- [What you should do] All lines below containing the string "conjI" are to be copied.

- [Saved entries]
○ ○ ○

lemma chromatic_number_add_edge:
  "chromatic_number n (E(x:=True)) \<le> chromatic_number n E + 1"
proof -
  define k where "k = chromatic_number n E"
  obtain f where f: "proper_colouring n E k f"
    unfolding k_def using chromatic_number_colouring by blast
  \<comment> \<open>a fresh colour for the larger endpoint of the new edge\<close>
  obtain i j where x: "x = (i, j)" by (cases x)
  have "proper_colouring n (E(x:=True)) (k + 1) (f(j := k))"
    unfolding proper_colouring_def
  proof (intro conjI allI impI)
    fix a assume "a < n"
    then show "(f(j := k)) a < k + 1" using f by (simp add: proper_colouring_def less_SucI)
  next
    fix a b assume ab: "a < b \<and> b < n \<and> (E(x := True)) (a, b)"
    then have "f a < k" "f b < k" "(a, b) \<noteq> (i, j) \<Longrightarrow> f a \<noteq> f b"
      using f x by (auto simp: proper_colouring_def)
    then show "(f(j := k)) a \<noteq> (f(j := k)) b" using ab by auto
  qed
  then show ?thesis unfolding k_def by (rule chromatic_number_le)
qed

lemma chromatic_number_flip_edge:
  "\<bar>real (chromatic_number n (E(x:=True))) - real (chromatic_number n (E(x:=False)))\<bar> \<le> 1"
  using chromatic_number_add_edge[of n "E(x:=False)" x]
    chromatic_number_mono[of "E(x:=False)" "E(x:=True)" n]
  by fastforce

lemma proper_colouring_drop_unused_colour:
  assumes f: "proper_colouring n E k f" and unused: "\<And>i. i < n \<Longrightarrow> f i \<noteq> c" and "c < k"
  shows "proper_colouring n E (k - 1) (\<lambda>i. if f i = k - 1 then c else f i)"
  unfolding proper_colouring_def
proof (intro conjI allI impI)
  fix i assume "i < n"
  then have "f i < k" "f i \<noteq> c" using f unused by (auto simp: proper_colouring_def)
  then show "(if f i = k - 1 then c else f i) < k - 1" using \<open>c < k\<close> by auto
next
  fix i j assume "i < j \<and> j < n \<and> E (i, j)"
  then have "f i \<noteq> f j" "f i \<noteq> c" "f j \<noteq> c" using f unused by (auto simp: proper_colouring_def)
  then show "(if f i = k - 1 then c else f i) \<noteq> (if f j = k - 1 then c else f j)" by auto
qed

definition adjacent :: "(nat \<times> nat \<Rightarrow> bool) \<Rightarrow> nat \<Rightarrow> nat \<Rightarrow> bool" where
  "adjacent E i j = (if i < j then E (i, j) else E (j, i))"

○ ○ ○

- [Output of the exercise]
  proof (intro conjI allI impI)
proof (intro conjI allI impI)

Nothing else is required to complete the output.